Clark urged pharmacists to be aware of the Partners’ duties and restrictions section which normally contains the fiduciary duties that apply to a partnership and leave/authorised absence.

“The important point is, not the annual holidays, but sickness and maternity leave – do you get your drawings during the period of absence? Secondly, who pays for the locum during your absence? If you’re off sick, you’ll probably need a locum to replace you,” he said, warning the cost of a locum can be allocated against a pharmacist’s profit share.

He also said that if a pharmacist is off for a “significant” period of time, their entitlement to profit can stop and they can be expelled from the partnership.

The decision-making section, he said, contains important information about voting and how many votes a pharmacist can have in a partnership, while exit contains retirement clauses and mechanisms on expelling a partner. Clark, however, said it can be difficult to prove certain behaviours have brought the partnership into disrepute. Finally, the entitlement of outgoing partner section sets out what a partner gets if they leave.

Severe consequences

Clark said “many GP partnerships” have a partnership deed in place but do not realise it is “not current or has not been signed and is not up-to-date.” The consequences of that, he said, “could be severe.”
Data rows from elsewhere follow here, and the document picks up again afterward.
(* Let $G$ be a connected graph of order $n\ge 2$. Then $F_c(G)=n-1$ if and only if $G$ is the complete graph $K_n$ (with $n\ge 2$) or the star $K_{1,n-1}$ with $n\ge 4$.
   Context: Forcing process: given a set of initially colored vertices, at each step a colored vertex with exactly one non-colored neighbor forces (colors) that neighbor. A set $S\subseteq V(G)$ is a forcing set if iterating this process from $S$ eventually colors all vertices; it is a connected forcing set if moreover the induced subgraph $G[S]$ is connected. $F_c(G)$, the connected forcing number, is the minimum cardinality of a connected forcing set of $G$. *)

theory Defs
  imports Main
begin

definition simple_graph :: "'a set \<Rightarrow> ('a \<Rightarrow> 'a \<Rightarrow> bool) \<Rightarrow> bool" where
  "simple_graph V E \<longleftrightarrow> finite V \<and> (\<forall>u v. E u v \<longrightarrow> u \<in> V \<and> v \<in> V)
     \<and> (\<forall>u v. E u v \<longrightarrow> E v u) \<and> (\<forall>u. \<not> E u u)"

definition induced_connected :: "('a \<Rightarrow> 'a \<Rightarrow> bool) \<Rightarrow> 'a set \<Rightarrow> bool" where
  "induced_connected E S \<longleftrightarrow> S \<noteq> {} \<and>
     (\<forall>u\<in>S. \<forall>v\<in>S. (\<lambda>x y. x \<in> S \<and> y \<in> S \<and> E x y)\<^sup>*\<^sup>* u v)"

definition connected_graph :: "'a set \<Rightarrow> ('a \<Rightarrow> 'a \<Rightarrow> bool) \<Rightarrow> bool" where
  "connected_graph V E \<longleftrightarrow> induced_connected E V"

inductive_set forced :: "('a \<Rightarrow> 'a \<Rightarrow> bool) \<Rightarrow> 'a set \<Rightarrow> 'a set" for E S where
  init: "v \<in> S \<Longrightarrow> v \<in> forced E S"
| force: "\<lbrakk> u \<in> forced E S; E u w; \<forall>x. E u x \<and> x \<noteq> w \<longrightarrow> x \<in> forced E S \<rbrakk>
           \<Longrightarrow> w \<in> forced E S"

definition forcing_set :: "'a set \<Rightarrow> ('a \<Rightarrow> 'a \<Rightarrow> bool) \<Rightarrow> 'a set \<Rightarrow> bool" where
  "forcing_set V E S \<longleftrightarrow> S \<subseteq> V \<and> V \<subseteq> forced E S"

definition connected_forcing_set :: "'a set \<Rightarrow> ('a \<Rightarrow> 'a \<Rightarrow> bool) \<Rightarrow> 'a set \<Rightarrow> bool" where
  "connected_forcing_set V E S \<longleftrightarrow> forcing_set V E S \<and> induced_connected E S"

definition connected_forcing_number :: "'a set \<Rightarrow> ('a \<Rightarrow> 'a \<Rightarrow> bool) \<Rightarrow> nat" where
  "connected_forcing_number V E = Min {card S | S. connected_forcing_set V E S}"

definition is_complete :: "'a set \<Rightarrow> ('a \<Rightarrow> 'a \<Rightarrow> bool) \<Rightarrow> bool" where
  "is_complete V E \<longleftrightarrow> (\<forall>u\<in>V. \<forall>v\<in>V. u \<noteq> v \<longrightarrow> E u v)"

definition is_star :: "'a set \<Rightarrow> ('a \<Rightarrow> 'a \<Rightarrow> bool) \<Rightarrow> bool" where
  "is_star V E \<longleftrightarrow> (\<exists>c\<in>V. \<forall>u\<in>V. \<forall>v\<in>V. u \<noteq> v \<longrightarrow> (E u v \<longleftrightarrow> u = c \<or> v = c))"

end

theory Submission
  imports Defs
begin

text \<open>
  The lower bounds are closure arguments: if every coloured vertex sees either none or at
  least two of the uncoloured ones, no vertex is ever forced. In \<open>K\<^sub>n\<close> any two uncoloured
  vertices block everything, and in a star with \<open>n \<ge> 4\<close> a connected set avoiding the centre
  is a single leaf, so adding the centre still leaves two uncoloured leaves.

  Conversely, suppose \<open>G\<close> is neither complete nor such a star. It suffices to find vertices
  \<open>x \<noteq> y\<close> that are not twins and whose removal leaves \<open>G\<close> connected: a vertex \<open>u\<close> adjacent
  to \<open>x\<close> but not to \<open>y\<close> forces \<open>x\<close>, then any neighbour of \<open>y\<close> forces \<open>y\<close>, so
  \<open>F\<^sub>c(G) \<le> n - 2\<close>. If \<open>G\<close> has a universal vertex \<open>r\<close>, every pair avoiding \<open>r\<close> may be
  removed, and if all those pairs are twins then \<open>G\<close> is complete or a star on at most three
  vertices; the path on three vertices is handled by removing its centre and a leaf.
  Otherwise take distances from a vertex \<open>r\<close> of maximum degree and assume every removable pair
  consists of twins. A vertex \<open>x\<close> at maximal distance can be removed together with any vertex
  \<open>w\<close> that is not the only lower neighbour of some other vertex. For \<open>w \<noteq> r\<close> below the top
  level the parent of \<open>w\<close> sees \<open>w\<close> but not \<open>x\<close>, so \<open>w\<close> must have such a private child.
  Following private children down from the top shows that every intermediate level is a single
  vertex, so \<open>r\<close> has degree \<open>1\<close>, whereas the parent of \<open>x\<close> has degree at least \<open>3\<close>.
\<close>

lemma induced_connected_if_descending:
  fixes f :: "'a \<Rightarrow> nat"
  assumes sym: "\<And>u v. E u v \<Longrightarrow> E v u" and root: "r \<in> S"
    and descend: "\<And>v. v \<in> S \<Longrightarrow> v \<noteq> r \<Longrightarrow> \<exists>w\<in>S. E w v \<and> f w < f v"
  shows "induced_connected E S"
proof -
  let ?R = "\<lambda>x y. x \<in> S \<and> y \<in> S \<and> E x y"
  have from_root: "?R\<^sup>*\<^sup>* r v" if "v \<in> S" for v
    using that
  proof (induction "f v" arbitrary: v rule: less_induct)
    case less
    show ?case
    proof (cases "v = r")
      case False
      then obtain w where "w \<in> S" "E w v" "f w < f v" using descend less.prems by blast
      moreover have "?R\<^sup>*\<^sup>* r w" using less \<open>w \<in> S\<close> \<open>f w < f v\<close> by blast
      ultimately show ?thesis using less.prems by (simp add: rtranclp.rtrancl_into_rtrancl)
    qed simp
  qed
  have "symp ?R" using sym by (auto intro: sympI)
  then have "?R\<^sup>*\<^sup>* u v" if "u \<in> S" "v \<in> S" for u v
    using from_root that by (meson rtranclp_trans symp_rtranclp sympD)
  then show ?thesis using root by (auto simp: induced_connected_def)
qed

lemma forced_subset_if_closed:
  assumes "S \<subseteq> T"
    and closed: "\<And>u w. u \<in> T \<Longrightarrow> E u w \<Longrightarrow> w \<notin> T \<Longrightarrow> \<exists>z. z \<noteq> w \<and> E u z \<and> z \<notin> T"
  shows "forced E S \<subseteq> T"
proof
  fix w assume "w \<in> forced E S"
  then show "w \<in> T"
  proof (induction rule: forced.induct)
    case (force u w)
    then show ?case using closed by blast
  qed (use assms(1) in blast)
qed

locale sgraph =
  fixes V :: "'a set" and E :: "'a \<Rightarrow> 'a \<Rightarrow> bool"
  assumes simple: "simple_graph V E"
begin

lemma finite_V: "finite V"
  using simple by (simp add: simple_graph_def)

lemma edge_in_V: "E u v \<Longrightarrow> u \<in> V \<and> v \<in> V"
  using simple by (simp add: simple_graph_def)

lemma edge_sym: "E u v \<Longrightarrow> E v u"
  using simple by (simp add: simple_graph_def)

lemma edge_irrefl: "\<not> E u u"
  using simple by (simp add: simple_graph_def)

definition degree :: "'a \<Rightarrow> nat" where
  "degree v = card {w. E v w}"

lemma finite_neighbours: "finite {w. E v w}"
  by (rule finite_subset[OF _ finite_V]) (auto dest: edge_in_V)

lemma not_forcing_if_uniform_boundary:
  assumes "S \<subseteq> T" and "card (V - T) \<ge> 2"
    and uniform: "\<And>u. u \<in> T \<Longrightarrow> (\<forall>w\<in>V - T. E u w) \<or> (\<forall>w\<in>V - T. \<not> E u w)"
  shows "\<not> V \<subseteq> forced E S"
proof
  obtain a b where ab: "a \<in> V - T" "b \<in> V - T" "a \<noteq> b"
    using \<open>card (V - T) \<ge> 2\<close> card_le_Suc0_iff_eq[of "V - T"] finite_V by force
  have "forced E S \<subseteq> T"
  proof (rule forced_subset_if_closed[OF \<open>S \<subseteq> T\<close>])
    fix u w assume "u \<in> T" "E u w" "w \<notin> T"
    then have "\<forall>w\<in>V - T. E u w" using uniform edge_in_V by blast
    then show "\<exists>z. z \<noteq> w \<and> E u z \<and> z \<notin> T" using ab by (metis DiffD1 DiffD2)
  qed
  moreover assume "V \<subseteq> forced E S"
  ultimately show False using ab by blast
qed

lemma finite_connected_forcing_set_cards: "finite {card S | S. connected_forcing_set V E S}"
  by (rule finite_subset[of _ "{..card V}"])
    (auto simp: connected_forcing_set_def forcing_set_def intro: card_mono[OF finite_V])

lemma connected_forcing_number_le:
  assumes "connected_forcing_set V E S"
  shows "connected_forcing_number V E \<le> card S"
  unfolding connected_forcing_number_def
  using assms finite_connected_forcing_set_cards by (intro Min_le) auto

lemma connected_forcing_number_eqI:
  assumes "connected_forcing_set V E S" and "card S = k"
    and lower: "\<And>S. connected_forcing_set V E S \<Longrightarrow> k \<le> card S"
  shows "connected_forcing_number V E = k"
proof -
  have "k \<le> connected_forcing_number V E"
    unfolding connected_forcing_number_def using assms(1) lower
    by (subst Min_ge_iff[OF finite_connected_forcing_set_cards]) auto
  with connected_forcing_number_le[OF assms(1)] assms(2) show ?thesis by simp
qed

lemma connected_forcing_set_Diff_universal:
  assumes "r \<in> V" and universal: "\<forall>v\<in>V - {r}. E r v" and "x \<in> V" "x \<noteq> r"
  shows "connected_forcing_set V E (V - {x})"
proof -
  have "induced_connected E (V - {x})"
    by (rule induced_connected_if_descending[of E r _ "\<lambda>v. if v = r then 0 else 1"])
      (use assms edge_sym in auto)
  moreover have "x \<in> forced E (V - {x})"
    by (rule forced.force[of r]) (use assms edge_in_V in \<open>auto intro: forced.init\<close>)
  ultimately show ?thesis
    by (auto simp: connected_forcing_set_def forcing_set_def intro: forced.init)
qed

lemma connected_forcing_number_universal:
  assumes "c \<in> V" "\<forall>v\<in>V - {c}. E c v" "card V \<ge> 2"
    and lower: "\<And>S. connected_forcing_set V E S \<Longrightarrow> card V - 1 \<le> card S"
  shows "connected_forcing_number V E = card V - 1"
proof -
  have "card (V - {c}) = card V - 1" using \<open>c \<in> V\<close> finite_V by simp
  then have "card (V - {c}) \<noteq> 0" using \<open>card V \<ge> 2\<close> by simp
  then obtain x where "x \<in> V" "x \<noteq> c" by (metis Diff_iff card.empty ex_in_conv singletonI)
  then have "connected_forcing_set V E (V - {x})"
    using connected_forcing_set_Diff_universal[OF assms(1,2)] by blast
  moreover have "card (V - {x}) = card V - 1" using \<open>x \<in> V\<close> finite_V by simp
  ultimately show ?thesis using lower by (rule connected_forcing_number_eqI)
qed

lemma complete_connected_forcing_set_card:
  assumes "is_complete V E" and "connected_forcing_set V E S"
  shows "card V - 1 \<le> card S"
proof (rule ccontr)
  assume "\<not> card V - 1 \<le> card S"
  moreover have "S \<subseteq> V" using assms(2) by (simp add: connected_forcing_set_def forcing_set_def)
  moreover have "card (V - S) = card V - card S"
    using \<open>S \<subseteq> V\<close> by (intro card_Diff_subset) (auto intro: finite_subset[OF _ finite_V])
  ultimately have "card (V - S) \<ge> 2" by linarith
  then have "\<not> V \<subseteq> forced E S"
  proof (rule not_forcing_if_uniform_boundary[OF subset_refl])
    fix u assume "u \<in> S"
    then show "(\<forall>w\<in>V - S. E u w) \<or> (\<forall>w\<in>V - S. \<not> E u w)"
      using assms(1) \<open>S \<subseteq> V\<close> unfolding is_complete_def
      by (intro disjI1 ballI) (metis DiffE subsetD)
  qed
  then show False using assms(2) by (simp add: connected_forcing_set_def forcing_set_def)
qed

lemma induced_connected_leaves_singleton:
  assumes centre: "\<forall>u\<in>V. \<forall>v\<in>V. u \<noteq> v \<longrightarrow> (E u v \<longleftrightarrow> u = c \<or> v = c)"
    and "induced_connected E S" "S \<subseteq> V" "c \<notin> S"
  shows "card S \<le> 1"
proof -
  have "a = b" if "a \<in> S" "b \<in> S" for a b
  proof -
    have "(\<lambda>x y. x \<in> S \<and> y \<in> S \<and> E x y)\<^sup>*\<^sup>* a b"
      using assms(2) that by (simp add: induced_connected_def)
    then show ?thesis
    proof (induction rule: rtranclp_induct)
      case (step y z)
      then have "y \<noteq> c" "z \<noteq> c" "y \<noteq> z" using assms(4) edge_irrefl by auto
      with step show ?case using centre assms(3) by blast
    qed simp
  qed
  then show ?thesis using card_le_Suc0_iff_eq[OF finite_subset[OF assms(3) finite_V]] by auto
qed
He insisted that for pharmacists, the “most important stuff is not the contents of the deed” but to make sure there is a deed and to think about who they are going into partnership with.

“Who are they individually? How do they function as a partnership? Is it a partnership that runs well and everyone’s happy?”

Independent Community Pharmacist asked Clark and English Pharmacy Board chair Thorrun Govind, who took part in the talk, if they had heard of any GPs pressurising community pharmacists to join their surgery. Both said they had not.